• [Requirement]
Search the records for the string "first" and return each line that has it.

(Beginning of Exercise input)

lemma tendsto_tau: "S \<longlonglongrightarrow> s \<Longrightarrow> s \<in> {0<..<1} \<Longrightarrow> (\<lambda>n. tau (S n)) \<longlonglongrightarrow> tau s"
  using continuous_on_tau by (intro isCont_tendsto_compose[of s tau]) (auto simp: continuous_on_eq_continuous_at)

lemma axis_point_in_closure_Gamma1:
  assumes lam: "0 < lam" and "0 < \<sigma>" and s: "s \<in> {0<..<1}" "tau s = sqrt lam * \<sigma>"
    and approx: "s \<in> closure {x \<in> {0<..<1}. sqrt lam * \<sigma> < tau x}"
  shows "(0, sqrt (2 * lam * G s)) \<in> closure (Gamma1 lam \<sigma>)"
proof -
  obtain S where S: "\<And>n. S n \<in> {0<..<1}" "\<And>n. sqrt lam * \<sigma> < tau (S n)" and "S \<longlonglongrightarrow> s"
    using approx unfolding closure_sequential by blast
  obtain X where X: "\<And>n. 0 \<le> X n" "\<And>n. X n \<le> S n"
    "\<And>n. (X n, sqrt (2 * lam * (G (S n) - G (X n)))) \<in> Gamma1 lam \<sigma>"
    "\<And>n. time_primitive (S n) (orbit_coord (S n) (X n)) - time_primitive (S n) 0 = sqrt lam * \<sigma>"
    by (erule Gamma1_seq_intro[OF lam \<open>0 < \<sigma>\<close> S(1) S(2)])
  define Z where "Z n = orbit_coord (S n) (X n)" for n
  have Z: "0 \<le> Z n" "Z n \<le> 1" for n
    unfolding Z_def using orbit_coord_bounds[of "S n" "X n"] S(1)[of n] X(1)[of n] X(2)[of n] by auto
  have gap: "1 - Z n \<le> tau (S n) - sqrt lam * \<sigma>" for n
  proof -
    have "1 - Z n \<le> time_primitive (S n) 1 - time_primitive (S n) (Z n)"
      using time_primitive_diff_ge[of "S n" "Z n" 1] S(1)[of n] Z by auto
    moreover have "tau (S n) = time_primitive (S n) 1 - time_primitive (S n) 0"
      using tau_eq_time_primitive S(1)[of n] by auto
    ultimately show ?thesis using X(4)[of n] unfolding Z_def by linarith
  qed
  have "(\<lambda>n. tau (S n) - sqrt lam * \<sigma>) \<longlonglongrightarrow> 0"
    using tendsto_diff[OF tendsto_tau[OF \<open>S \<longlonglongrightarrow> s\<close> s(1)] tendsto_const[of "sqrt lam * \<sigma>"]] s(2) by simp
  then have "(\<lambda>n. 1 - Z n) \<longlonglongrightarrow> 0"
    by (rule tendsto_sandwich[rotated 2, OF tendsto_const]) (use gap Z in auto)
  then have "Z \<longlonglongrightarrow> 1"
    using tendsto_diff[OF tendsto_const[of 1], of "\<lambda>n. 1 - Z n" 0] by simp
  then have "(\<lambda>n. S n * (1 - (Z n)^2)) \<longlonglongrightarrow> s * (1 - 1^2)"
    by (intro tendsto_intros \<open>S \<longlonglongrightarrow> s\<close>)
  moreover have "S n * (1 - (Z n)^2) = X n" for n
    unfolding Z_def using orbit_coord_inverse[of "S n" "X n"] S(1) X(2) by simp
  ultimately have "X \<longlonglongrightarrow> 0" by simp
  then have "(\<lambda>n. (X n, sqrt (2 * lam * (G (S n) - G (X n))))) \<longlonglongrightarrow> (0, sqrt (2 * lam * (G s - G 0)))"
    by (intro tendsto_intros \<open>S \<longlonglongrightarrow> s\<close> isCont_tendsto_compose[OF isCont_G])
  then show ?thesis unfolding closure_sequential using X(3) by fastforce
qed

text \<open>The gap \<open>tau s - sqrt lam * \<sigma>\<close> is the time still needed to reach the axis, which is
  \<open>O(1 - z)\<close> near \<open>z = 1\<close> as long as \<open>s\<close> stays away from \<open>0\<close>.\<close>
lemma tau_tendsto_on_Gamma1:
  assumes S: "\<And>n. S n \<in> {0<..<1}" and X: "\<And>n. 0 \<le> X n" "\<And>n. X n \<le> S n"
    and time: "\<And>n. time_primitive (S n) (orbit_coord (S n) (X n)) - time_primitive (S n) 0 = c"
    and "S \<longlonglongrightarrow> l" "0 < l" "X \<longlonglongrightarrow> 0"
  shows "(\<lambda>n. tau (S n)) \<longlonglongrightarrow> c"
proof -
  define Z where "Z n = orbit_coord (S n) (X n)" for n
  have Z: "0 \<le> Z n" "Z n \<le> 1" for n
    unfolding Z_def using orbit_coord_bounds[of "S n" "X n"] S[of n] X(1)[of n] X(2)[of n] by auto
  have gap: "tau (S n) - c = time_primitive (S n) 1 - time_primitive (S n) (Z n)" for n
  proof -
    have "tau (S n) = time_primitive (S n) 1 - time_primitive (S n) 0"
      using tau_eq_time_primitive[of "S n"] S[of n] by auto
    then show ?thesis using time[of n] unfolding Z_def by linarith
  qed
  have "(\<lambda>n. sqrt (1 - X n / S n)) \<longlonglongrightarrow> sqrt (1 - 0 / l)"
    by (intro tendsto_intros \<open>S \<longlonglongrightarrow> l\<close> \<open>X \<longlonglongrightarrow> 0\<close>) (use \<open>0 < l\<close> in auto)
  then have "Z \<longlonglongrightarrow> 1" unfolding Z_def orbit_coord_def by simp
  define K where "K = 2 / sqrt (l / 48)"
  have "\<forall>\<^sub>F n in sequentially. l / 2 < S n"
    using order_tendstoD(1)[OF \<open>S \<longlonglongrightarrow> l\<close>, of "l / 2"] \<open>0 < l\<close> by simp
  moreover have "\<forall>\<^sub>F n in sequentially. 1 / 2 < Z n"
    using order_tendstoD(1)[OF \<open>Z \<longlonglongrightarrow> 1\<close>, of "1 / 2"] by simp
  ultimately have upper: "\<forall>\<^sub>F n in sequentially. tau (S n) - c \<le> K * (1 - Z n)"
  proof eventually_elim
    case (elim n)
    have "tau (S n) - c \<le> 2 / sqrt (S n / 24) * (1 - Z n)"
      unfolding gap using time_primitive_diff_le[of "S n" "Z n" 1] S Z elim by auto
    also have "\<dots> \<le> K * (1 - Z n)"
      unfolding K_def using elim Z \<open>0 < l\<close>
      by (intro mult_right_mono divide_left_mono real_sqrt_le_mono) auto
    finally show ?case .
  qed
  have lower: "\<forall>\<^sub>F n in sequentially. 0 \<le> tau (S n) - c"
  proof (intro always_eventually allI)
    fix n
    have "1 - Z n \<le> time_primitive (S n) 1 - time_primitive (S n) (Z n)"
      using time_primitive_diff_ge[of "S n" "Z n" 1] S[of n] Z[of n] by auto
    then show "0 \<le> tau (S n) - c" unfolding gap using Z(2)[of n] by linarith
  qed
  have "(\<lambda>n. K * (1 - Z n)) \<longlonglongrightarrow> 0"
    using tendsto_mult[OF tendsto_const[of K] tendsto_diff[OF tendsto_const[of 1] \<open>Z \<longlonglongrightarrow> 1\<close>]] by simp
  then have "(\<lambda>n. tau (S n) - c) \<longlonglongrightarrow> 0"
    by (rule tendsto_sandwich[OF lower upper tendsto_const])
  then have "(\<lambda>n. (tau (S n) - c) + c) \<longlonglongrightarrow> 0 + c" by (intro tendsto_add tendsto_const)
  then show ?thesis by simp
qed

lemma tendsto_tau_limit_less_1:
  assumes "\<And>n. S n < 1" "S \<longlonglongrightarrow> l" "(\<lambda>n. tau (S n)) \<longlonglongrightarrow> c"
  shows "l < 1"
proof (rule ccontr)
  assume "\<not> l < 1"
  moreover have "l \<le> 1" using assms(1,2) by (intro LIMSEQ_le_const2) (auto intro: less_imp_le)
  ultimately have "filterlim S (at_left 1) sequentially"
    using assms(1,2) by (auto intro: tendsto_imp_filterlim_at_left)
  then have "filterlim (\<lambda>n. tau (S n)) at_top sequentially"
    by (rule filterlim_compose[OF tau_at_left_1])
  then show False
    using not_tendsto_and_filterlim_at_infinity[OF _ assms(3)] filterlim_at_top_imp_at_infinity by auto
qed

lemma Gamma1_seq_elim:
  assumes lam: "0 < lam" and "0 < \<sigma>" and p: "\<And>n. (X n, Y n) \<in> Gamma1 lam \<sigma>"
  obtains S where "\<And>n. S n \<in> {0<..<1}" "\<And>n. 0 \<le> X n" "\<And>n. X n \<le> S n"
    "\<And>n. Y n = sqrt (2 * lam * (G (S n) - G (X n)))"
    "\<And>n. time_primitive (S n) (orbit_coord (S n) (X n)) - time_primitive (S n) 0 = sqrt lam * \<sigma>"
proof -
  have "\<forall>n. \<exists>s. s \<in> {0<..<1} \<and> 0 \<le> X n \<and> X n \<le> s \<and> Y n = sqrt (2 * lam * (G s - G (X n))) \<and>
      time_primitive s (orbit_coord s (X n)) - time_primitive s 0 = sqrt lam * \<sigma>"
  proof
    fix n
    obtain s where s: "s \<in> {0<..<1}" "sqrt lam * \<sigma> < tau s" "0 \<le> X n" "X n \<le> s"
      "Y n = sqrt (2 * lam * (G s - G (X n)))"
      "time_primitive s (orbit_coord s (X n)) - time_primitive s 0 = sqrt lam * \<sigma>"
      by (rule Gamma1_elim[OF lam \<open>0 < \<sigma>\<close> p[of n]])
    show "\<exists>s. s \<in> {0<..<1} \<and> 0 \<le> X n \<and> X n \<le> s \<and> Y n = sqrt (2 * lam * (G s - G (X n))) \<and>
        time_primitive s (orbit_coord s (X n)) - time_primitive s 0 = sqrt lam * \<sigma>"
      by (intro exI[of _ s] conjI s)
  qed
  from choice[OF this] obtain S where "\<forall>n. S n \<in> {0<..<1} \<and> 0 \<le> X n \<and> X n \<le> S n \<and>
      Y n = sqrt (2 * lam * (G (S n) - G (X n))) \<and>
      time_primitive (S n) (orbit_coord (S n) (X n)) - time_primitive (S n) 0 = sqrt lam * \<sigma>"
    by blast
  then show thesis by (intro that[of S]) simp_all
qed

(End of Exercise input)
(Beginning of Exercise input)

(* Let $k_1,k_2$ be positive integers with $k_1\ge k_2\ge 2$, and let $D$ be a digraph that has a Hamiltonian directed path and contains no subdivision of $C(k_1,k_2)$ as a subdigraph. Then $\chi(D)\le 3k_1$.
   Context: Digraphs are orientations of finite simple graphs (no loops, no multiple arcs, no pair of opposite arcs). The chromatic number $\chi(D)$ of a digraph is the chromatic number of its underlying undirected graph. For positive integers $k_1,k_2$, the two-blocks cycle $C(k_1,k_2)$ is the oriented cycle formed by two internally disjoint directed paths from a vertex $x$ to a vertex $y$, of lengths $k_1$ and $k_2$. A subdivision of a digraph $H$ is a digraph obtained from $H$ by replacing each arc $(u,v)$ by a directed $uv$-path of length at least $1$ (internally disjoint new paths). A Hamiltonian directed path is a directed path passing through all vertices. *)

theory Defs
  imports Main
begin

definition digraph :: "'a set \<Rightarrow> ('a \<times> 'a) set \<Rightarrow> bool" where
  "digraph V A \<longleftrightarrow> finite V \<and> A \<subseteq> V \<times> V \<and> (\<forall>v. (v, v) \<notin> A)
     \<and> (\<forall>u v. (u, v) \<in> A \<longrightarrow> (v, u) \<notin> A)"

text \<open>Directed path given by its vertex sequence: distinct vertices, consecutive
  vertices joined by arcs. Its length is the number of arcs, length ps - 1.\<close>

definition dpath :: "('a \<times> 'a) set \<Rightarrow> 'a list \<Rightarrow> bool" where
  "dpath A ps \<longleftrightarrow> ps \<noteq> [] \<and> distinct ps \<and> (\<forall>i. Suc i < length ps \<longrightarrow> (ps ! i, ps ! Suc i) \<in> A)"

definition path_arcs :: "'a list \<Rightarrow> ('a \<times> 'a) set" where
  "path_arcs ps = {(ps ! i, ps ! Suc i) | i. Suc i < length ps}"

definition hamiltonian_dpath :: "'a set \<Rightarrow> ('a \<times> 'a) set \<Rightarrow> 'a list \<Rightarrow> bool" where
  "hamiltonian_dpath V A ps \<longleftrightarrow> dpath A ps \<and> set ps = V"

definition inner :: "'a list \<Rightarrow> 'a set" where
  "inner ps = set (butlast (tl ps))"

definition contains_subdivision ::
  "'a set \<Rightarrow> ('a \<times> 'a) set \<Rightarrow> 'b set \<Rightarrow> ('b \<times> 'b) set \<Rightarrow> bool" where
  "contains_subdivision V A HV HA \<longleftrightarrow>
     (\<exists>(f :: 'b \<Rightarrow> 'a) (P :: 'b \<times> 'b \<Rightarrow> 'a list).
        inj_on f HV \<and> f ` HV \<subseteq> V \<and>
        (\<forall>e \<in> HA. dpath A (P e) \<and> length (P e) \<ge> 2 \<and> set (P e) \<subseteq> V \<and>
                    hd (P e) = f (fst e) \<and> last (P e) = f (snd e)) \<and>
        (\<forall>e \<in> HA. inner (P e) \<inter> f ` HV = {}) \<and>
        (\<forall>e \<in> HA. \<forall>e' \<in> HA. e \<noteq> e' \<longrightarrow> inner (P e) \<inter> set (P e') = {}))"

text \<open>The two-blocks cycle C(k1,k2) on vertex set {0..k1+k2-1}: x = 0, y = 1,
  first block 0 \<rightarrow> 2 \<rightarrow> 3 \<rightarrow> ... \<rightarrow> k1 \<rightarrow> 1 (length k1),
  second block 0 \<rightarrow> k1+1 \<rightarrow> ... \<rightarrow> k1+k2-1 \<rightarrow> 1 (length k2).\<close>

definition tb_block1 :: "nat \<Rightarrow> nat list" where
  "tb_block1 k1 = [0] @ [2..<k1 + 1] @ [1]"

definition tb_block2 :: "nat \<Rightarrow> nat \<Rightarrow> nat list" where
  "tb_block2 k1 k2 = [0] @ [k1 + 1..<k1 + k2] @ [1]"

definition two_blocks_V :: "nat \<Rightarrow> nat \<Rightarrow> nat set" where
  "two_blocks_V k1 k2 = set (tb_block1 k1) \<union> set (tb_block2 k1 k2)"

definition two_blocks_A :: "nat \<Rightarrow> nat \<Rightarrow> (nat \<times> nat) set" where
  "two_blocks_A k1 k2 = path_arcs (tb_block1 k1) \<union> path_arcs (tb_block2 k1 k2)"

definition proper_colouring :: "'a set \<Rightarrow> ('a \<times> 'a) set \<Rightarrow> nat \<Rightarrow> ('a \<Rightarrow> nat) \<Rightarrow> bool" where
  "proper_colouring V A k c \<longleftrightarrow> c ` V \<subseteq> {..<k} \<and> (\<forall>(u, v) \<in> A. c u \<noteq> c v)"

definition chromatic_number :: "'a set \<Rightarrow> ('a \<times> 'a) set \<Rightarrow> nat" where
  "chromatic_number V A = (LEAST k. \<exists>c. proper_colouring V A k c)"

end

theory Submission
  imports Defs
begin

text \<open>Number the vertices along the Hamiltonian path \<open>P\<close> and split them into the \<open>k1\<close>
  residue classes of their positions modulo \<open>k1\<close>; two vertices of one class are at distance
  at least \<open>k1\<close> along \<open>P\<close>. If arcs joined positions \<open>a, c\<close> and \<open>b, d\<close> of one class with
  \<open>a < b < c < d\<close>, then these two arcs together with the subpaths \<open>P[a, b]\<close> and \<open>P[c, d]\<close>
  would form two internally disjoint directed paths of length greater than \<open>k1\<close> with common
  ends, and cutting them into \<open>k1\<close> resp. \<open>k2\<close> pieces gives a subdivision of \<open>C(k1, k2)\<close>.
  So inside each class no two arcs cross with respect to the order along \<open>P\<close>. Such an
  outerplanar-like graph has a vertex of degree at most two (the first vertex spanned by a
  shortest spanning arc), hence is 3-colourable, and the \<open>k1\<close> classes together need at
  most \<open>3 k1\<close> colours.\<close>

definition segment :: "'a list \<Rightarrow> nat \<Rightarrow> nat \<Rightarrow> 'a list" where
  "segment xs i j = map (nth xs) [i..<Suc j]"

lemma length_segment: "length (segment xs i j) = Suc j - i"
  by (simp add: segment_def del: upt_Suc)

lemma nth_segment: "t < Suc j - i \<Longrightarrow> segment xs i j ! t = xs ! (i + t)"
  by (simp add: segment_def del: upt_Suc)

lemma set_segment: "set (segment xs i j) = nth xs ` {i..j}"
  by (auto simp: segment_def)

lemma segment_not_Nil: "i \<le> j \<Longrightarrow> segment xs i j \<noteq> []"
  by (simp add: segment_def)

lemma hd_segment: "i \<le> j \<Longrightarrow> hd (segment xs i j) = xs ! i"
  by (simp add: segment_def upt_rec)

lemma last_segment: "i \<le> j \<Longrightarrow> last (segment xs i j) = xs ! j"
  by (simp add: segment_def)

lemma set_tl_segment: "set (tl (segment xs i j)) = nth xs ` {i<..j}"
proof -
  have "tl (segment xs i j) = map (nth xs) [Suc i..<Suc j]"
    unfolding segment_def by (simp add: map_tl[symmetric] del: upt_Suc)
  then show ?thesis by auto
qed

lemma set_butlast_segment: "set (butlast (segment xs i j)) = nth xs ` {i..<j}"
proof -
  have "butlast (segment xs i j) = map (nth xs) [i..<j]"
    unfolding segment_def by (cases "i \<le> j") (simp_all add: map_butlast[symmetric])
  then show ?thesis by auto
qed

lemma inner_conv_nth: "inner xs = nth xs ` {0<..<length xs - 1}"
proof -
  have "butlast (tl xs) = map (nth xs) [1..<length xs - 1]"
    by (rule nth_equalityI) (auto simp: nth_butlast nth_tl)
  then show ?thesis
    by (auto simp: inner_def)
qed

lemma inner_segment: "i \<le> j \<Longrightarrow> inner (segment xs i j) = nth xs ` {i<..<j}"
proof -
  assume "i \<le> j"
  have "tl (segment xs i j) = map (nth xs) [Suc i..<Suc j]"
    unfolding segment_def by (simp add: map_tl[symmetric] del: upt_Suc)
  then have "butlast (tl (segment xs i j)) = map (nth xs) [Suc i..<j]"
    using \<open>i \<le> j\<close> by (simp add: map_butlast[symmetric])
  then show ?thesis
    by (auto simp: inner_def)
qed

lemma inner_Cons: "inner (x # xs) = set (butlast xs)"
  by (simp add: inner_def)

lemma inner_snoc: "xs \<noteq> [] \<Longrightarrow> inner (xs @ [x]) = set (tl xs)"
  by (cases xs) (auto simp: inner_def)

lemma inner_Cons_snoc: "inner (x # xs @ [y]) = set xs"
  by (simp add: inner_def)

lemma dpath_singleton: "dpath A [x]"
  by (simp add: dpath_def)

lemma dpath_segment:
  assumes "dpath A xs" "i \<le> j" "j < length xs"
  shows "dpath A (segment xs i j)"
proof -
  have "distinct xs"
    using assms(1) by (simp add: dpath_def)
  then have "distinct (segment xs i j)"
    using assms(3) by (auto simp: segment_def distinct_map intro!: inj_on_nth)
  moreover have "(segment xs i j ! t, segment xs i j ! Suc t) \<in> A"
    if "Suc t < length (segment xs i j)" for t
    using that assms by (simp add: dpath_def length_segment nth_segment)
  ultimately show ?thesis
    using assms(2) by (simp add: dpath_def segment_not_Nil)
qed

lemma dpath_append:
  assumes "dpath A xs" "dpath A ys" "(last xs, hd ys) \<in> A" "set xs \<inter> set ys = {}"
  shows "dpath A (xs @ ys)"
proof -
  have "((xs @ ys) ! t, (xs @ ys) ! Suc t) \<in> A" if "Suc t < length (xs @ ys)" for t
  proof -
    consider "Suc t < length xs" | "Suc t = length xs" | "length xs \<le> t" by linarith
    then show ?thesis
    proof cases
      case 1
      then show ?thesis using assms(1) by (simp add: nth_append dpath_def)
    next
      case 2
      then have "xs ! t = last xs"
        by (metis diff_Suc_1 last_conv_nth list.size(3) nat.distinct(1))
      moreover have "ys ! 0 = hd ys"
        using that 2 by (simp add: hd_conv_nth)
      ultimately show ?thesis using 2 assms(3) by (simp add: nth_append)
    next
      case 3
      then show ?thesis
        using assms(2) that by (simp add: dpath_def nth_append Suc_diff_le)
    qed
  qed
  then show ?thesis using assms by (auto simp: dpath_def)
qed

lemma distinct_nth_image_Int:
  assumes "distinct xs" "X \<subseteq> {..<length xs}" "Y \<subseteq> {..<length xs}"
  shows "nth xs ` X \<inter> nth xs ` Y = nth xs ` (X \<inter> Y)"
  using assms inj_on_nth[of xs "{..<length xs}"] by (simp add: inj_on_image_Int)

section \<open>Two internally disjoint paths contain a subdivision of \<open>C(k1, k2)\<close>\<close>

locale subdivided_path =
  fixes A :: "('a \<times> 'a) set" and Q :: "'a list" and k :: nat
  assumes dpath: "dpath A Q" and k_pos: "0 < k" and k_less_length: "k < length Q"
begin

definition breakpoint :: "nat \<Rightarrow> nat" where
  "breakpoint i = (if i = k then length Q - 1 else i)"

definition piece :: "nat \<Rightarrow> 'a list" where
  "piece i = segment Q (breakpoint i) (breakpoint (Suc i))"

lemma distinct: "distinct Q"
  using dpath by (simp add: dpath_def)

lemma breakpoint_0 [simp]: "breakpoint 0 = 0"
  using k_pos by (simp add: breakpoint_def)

(End of Exercise input)
(Beginning of Exercise input)

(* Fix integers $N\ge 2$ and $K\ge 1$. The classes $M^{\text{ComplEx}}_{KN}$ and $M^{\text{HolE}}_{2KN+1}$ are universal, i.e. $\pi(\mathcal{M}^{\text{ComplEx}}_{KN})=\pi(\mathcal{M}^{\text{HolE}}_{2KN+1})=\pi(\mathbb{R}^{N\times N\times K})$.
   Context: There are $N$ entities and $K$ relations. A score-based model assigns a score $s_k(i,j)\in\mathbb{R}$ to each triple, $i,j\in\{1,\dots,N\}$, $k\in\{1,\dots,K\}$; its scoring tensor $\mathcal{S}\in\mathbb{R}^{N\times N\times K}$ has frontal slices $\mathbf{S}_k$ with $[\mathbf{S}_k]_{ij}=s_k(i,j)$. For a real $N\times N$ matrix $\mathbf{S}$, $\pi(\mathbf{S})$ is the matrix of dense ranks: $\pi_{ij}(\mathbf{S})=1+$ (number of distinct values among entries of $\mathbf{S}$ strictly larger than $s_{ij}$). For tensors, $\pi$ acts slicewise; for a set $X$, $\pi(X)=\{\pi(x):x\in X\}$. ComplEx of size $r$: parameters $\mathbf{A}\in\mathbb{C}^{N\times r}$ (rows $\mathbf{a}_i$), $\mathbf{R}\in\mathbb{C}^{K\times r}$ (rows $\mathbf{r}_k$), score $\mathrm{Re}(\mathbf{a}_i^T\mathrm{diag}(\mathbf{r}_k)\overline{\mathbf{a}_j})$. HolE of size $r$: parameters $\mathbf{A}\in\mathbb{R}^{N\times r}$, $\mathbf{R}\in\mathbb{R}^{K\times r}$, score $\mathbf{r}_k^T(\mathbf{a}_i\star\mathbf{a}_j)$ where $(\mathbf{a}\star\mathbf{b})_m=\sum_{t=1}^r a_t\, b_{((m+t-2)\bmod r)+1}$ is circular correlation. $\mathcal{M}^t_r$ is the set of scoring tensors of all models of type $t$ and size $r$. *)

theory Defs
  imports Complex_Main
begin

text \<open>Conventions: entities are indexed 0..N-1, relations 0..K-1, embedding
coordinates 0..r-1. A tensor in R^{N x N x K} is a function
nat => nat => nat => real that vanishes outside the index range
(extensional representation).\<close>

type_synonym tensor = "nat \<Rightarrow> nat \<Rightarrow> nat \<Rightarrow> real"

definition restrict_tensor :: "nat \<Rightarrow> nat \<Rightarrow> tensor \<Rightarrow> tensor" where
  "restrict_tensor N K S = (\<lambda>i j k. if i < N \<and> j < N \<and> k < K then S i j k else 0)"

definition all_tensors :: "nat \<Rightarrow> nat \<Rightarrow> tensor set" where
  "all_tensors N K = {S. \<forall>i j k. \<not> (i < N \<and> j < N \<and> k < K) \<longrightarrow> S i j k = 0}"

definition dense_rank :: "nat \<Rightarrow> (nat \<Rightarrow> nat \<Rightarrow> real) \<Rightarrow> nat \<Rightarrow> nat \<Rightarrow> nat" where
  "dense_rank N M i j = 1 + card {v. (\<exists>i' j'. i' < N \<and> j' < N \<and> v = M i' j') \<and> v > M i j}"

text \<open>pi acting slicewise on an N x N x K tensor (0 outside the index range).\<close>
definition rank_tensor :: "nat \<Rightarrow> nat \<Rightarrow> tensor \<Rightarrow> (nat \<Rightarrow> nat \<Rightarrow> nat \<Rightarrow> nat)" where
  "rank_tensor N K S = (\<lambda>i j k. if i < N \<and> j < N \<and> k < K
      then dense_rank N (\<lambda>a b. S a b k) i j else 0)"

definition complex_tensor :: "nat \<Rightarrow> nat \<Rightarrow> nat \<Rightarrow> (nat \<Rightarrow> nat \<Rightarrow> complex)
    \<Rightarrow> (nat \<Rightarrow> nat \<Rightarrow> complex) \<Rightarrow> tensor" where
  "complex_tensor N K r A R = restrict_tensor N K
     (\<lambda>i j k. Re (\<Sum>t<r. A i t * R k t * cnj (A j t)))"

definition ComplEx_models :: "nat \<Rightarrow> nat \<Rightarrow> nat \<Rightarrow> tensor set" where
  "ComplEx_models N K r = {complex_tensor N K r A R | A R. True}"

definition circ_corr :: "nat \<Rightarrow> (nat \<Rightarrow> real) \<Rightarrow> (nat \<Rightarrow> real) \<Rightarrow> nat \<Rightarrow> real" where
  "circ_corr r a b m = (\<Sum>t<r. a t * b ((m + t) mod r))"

(End of Exercise input)

• [Your response]
  first block 0 \<rightarrow> 2 \<rightarrow> 3 \<rightarrow> ... \<rightarrow> k1 \<rightarrow> 1 (length k1),
  outerplanar-like graph has a vertex of degree at most two (the first vertex spanned by a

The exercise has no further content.